EXTRACTED RECORDS:
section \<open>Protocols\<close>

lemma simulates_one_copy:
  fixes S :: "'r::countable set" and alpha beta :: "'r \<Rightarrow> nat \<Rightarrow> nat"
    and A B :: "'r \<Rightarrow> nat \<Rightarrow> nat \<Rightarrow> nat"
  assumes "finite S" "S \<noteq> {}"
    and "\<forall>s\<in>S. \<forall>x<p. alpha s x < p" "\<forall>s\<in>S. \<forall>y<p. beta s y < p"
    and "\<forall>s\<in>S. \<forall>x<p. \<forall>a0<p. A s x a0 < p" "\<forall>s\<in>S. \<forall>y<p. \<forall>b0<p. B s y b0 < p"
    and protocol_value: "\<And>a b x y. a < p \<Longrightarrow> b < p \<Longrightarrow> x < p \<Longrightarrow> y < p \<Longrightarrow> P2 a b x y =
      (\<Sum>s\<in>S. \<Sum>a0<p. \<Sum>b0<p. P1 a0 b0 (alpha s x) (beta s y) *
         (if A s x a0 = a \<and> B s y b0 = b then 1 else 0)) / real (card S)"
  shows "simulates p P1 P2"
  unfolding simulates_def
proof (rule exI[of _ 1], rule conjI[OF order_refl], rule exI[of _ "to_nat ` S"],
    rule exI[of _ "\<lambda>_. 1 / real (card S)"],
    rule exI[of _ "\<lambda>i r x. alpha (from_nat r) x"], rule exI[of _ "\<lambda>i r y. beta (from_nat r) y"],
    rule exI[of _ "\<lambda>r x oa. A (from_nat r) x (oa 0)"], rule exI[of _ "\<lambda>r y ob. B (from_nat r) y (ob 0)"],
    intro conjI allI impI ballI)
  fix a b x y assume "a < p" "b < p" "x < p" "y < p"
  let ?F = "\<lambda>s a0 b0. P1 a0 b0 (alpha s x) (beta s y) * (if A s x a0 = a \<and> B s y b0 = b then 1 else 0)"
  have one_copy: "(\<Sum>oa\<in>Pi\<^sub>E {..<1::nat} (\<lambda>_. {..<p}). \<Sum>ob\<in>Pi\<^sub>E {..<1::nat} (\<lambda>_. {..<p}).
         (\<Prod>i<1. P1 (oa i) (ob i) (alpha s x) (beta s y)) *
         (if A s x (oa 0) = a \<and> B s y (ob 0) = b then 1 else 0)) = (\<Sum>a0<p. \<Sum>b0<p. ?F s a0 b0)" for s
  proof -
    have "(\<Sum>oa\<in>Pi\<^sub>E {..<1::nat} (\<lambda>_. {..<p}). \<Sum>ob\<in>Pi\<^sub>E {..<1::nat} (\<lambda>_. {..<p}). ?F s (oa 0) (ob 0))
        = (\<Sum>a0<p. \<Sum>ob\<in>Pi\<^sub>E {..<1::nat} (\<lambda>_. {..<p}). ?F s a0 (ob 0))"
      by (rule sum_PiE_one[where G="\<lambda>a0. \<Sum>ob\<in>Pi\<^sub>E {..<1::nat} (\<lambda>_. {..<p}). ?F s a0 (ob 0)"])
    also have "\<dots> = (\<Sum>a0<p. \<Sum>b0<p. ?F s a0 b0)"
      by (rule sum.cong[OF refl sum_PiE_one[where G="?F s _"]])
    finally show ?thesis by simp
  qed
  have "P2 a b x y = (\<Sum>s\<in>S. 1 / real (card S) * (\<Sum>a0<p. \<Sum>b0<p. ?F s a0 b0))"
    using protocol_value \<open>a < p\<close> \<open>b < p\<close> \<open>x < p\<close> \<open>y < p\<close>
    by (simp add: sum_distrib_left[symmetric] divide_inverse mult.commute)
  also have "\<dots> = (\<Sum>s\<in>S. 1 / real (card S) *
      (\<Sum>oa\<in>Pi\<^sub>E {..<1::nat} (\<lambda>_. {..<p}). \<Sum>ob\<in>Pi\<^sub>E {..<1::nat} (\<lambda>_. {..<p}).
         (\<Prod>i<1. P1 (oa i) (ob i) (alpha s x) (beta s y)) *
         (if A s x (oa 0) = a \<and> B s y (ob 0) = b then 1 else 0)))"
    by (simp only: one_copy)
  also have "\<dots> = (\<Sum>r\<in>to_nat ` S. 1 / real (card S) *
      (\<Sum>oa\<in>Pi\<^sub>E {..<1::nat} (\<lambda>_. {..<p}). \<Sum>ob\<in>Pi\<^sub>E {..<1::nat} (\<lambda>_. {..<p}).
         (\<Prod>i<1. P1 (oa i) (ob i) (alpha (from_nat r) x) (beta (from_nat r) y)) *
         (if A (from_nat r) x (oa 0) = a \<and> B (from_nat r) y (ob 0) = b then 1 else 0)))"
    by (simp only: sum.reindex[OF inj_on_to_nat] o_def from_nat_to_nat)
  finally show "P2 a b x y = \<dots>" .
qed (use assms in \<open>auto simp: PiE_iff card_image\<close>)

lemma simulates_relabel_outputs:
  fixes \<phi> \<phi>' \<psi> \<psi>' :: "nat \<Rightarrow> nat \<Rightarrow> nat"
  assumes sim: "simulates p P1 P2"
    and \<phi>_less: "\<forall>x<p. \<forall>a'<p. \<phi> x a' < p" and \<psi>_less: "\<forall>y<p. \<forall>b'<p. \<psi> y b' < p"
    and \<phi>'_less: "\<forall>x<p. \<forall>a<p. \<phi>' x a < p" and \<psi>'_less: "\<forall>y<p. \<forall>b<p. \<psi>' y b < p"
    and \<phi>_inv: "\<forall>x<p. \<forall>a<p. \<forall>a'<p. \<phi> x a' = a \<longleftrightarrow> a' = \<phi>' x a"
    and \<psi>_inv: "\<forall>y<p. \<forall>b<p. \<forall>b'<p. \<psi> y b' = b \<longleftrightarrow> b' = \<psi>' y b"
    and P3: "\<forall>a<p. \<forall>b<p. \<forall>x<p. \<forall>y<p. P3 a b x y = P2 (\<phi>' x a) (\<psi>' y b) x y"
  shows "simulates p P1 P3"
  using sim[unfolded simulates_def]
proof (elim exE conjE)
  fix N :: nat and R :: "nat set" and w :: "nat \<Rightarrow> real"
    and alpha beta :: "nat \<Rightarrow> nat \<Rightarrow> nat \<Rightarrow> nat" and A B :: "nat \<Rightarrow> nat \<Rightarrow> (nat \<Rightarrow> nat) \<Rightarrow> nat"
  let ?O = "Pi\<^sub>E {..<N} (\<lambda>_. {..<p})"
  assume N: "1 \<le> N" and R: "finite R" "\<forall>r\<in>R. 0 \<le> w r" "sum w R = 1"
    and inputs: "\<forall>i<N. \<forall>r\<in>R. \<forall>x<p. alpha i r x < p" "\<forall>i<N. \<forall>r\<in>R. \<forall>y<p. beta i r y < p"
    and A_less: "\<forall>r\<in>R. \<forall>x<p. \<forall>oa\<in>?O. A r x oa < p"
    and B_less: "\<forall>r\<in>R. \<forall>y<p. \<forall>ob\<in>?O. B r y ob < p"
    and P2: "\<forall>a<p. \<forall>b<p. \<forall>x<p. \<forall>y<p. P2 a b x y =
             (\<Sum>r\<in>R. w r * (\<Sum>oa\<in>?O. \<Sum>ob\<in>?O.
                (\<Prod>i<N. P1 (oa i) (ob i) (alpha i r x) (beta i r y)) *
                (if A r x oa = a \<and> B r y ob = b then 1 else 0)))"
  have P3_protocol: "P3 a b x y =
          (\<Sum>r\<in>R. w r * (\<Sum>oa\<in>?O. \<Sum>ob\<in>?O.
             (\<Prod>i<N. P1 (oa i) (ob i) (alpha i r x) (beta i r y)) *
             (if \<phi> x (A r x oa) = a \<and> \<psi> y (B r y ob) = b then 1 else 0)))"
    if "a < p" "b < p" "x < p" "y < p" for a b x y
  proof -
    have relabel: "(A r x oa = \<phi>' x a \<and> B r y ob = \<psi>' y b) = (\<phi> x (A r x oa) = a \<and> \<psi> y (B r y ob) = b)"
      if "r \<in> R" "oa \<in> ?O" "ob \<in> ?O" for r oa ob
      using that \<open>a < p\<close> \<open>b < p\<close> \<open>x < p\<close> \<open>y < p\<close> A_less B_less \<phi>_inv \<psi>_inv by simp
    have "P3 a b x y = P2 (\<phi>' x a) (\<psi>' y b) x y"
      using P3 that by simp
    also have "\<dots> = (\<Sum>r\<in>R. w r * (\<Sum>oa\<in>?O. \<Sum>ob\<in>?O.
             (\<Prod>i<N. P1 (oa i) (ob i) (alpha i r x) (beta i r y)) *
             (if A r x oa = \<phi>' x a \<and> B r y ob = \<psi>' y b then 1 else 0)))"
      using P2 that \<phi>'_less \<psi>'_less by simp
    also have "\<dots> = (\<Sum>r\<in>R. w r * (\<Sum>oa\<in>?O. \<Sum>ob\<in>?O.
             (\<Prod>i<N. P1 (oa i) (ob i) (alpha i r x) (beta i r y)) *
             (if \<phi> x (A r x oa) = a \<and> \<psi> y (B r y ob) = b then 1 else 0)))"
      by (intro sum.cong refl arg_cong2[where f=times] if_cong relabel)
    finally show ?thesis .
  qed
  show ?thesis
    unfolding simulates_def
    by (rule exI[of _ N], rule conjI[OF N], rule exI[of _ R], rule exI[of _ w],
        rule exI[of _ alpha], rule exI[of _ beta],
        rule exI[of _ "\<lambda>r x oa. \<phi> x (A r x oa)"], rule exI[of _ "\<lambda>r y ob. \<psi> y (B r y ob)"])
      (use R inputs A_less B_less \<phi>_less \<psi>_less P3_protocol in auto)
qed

--

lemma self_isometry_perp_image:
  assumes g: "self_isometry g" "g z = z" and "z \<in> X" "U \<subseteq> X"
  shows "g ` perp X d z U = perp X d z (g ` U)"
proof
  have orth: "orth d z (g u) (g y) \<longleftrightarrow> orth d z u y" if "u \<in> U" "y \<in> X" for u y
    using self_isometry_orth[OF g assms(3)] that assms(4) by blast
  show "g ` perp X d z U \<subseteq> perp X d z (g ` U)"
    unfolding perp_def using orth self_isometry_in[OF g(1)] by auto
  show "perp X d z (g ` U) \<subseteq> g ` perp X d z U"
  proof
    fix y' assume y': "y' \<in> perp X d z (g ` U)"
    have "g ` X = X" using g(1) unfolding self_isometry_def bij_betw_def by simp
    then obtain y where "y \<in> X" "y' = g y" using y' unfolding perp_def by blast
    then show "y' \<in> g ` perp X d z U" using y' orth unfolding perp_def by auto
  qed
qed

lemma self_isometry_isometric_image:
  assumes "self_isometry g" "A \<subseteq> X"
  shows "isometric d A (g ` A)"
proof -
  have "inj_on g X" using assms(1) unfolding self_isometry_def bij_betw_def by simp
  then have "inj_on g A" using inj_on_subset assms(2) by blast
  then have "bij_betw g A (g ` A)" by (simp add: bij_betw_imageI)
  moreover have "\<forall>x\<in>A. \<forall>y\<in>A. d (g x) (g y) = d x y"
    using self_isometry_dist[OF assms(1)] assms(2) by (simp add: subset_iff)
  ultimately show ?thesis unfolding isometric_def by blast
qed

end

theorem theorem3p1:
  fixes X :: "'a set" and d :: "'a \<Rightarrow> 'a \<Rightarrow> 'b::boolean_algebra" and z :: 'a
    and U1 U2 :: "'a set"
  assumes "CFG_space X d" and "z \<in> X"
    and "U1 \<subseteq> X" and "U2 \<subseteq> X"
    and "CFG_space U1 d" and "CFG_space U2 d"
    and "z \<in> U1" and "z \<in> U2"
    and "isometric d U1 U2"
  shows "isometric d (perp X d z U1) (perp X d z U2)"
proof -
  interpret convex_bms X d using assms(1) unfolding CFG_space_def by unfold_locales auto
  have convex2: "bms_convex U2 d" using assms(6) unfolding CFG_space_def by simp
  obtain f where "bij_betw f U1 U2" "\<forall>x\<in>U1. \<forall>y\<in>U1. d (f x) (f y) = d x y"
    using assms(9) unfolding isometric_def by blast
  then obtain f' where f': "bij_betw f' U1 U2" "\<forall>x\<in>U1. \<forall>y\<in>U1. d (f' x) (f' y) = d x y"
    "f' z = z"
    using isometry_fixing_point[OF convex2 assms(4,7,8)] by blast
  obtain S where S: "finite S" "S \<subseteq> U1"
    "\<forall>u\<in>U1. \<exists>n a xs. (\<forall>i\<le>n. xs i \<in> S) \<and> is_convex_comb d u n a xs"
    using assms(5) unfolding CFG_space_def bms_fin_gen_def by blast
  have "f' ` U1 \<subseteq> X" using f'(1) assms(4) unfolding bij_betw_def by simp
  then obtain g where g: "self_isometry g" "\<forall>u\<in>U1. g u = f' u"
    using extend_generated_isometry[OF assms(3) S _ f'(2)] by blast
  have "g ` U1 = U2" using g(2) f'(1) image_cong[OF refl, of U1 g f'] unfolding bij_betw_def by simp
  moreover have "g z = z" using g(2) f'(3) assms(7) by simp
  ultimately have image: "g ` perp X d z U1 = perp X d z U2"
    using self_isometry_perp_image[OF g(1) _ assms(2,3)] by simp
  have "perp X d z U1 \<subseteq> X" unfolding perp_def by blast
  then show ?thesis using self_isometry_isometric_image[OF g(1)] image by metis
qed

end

...

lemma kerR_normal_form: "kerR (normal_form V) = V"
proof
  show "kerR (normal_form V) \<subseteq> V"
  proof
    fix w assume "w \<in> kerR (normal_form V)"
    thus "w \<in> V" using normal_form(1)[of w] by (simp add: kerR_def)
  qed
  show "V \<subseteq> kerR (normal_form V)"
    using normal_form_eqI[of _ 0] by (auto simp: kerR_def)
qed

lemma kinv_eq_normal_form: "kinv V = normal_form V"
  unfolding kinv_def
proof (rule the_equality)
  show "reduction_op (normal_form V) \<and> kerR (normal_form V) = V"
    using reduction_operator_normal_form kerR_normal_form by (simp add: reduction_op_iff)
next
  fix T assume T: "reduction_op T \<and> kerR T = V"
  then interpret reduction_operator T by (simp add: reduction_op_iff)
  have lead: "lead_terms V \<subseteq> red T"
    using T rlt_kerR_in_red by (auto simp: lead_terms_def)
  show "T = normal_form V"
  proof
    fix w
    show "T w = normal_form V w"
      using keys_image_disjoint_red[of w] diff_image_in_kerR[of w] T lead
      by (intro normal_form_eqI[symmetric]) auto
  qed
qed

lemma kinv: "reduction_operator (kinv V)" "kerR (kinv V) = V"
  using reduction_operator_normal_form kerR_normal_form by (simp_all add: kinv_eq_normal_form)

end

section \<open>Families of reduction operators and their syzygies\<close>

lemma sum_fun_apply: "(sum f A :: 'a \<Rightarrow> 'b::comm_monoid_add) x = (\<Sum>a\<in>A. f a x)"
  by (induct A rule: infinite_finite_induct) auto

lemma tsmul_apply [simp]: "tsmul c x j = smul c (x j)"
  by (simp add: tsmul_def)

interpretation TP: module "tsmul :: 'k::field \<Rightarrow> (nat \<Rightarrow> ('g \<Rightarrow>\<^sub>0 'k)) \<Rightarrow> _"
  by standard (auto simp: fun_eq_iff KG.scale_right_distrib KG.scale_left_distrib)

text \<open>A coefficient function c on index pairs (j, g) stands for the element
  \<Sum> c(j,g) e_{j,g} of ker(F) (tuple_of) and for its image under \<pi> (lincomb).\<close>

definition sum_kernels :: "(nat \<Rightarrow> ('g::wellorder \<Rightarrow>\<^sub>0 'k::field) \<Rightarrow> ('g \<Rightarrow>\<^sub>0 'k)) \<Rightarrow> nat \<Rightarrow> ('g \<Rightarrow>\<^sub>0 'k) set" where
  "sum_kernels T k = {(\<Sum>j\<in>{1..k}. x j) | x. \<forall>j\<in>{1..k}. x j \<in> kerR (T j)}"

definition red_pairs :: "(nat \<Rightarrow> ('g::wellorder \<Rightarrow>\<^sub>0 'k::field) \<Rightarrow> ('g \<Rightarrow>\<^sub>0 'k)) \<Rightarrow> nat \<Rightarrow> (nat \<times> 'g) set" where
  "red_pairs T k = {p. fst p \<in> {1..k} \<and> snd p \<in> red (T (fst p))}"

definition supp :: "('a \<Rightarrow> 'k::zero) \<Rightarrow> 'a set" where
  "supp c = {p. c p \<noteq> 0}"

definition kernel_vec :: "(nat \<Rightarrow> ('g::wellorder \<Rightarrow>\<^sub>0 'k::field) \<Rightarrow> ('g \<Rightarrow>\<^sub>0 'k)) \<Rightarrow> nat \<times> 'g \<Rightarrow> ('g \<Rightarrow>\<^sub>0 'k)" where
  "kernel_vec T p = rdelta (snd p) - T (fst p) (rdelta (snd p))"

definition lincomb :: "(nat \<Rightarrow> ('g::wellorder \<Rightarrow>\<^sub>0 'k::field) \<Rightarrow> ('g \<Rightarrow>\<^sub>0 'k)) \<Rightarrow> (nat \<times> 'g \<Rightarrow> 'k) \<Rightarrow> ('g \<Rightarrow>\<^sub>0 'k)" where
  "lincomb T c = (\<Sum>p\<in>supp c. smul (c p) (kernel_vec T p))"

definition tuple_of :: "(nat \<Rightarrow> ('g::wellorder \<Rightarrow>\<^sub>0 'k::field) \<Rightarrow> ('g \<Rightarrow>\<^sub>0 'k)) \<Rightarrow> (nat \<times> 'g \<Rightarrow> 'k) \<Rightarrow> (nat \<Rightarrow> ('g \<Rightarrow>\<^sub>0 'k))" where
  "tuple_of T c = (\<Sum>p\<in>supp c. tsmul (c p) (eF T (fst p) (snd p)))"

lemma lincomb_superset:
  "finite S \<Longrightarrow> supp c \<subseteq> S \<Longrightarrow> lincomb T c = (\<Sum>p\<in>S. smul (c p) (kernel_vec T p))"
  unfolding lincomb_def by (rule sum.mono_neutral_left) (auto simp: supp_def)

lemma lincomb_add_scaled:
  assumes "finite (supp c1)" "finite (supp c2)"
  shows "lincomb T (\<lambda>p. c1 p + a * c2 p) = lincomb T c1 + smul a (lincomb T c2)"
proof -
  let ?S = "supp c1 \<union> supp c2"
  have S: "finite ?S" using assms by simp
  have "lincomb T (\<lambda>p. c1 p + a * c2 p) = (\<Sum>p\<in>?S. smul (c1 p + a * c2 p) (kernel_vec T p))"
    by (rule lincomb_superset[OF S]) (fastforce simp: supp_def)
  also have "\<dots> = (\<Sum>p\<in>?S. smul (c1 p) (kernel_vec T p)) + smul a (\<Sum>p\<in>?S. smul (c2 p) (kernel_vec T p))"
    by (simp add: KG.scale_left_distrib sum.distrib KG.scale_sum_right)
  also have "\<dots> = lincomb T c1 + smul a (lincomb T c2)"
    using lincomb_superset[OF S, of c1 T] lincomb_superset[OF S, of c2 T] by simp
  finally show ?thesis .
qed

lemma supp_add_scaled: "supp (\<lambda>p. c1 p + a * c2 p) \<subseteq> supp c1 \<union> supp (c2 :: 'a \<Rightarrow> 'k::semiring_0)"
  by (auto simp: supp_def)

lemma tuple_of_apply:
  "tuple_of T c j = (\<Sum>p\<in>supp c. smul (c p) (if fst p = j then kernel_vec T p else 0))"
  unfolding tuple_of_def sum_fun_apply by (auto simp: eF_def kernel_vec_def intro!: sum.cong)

THE PROBLEM:
Only the lines above starting with the one with "section \<open>Protocols\<close>" and going through the one with "alpha s x <" are to be copied, word for word and with both ends kept.

THE ANSWER:
section \<open>Protocols\<close>

lemma simulates_one_copy:
  fixes S :: "'r::countable set" and alpha beta :: "'r \<Rightarrow> nat \<Rightarrow> nat"
    and A B :: "'r \<Rightarrow> nat \<Rightarrow> nat \<Rightarrow> nat"
  assumes "finite S" "S \<noteq> {}"
    and "\<forall>s\<in>S. \<forall>x<p. alpha s x < p" "\<forall>s\<in>S. \<forall>y<p. beta s y < p"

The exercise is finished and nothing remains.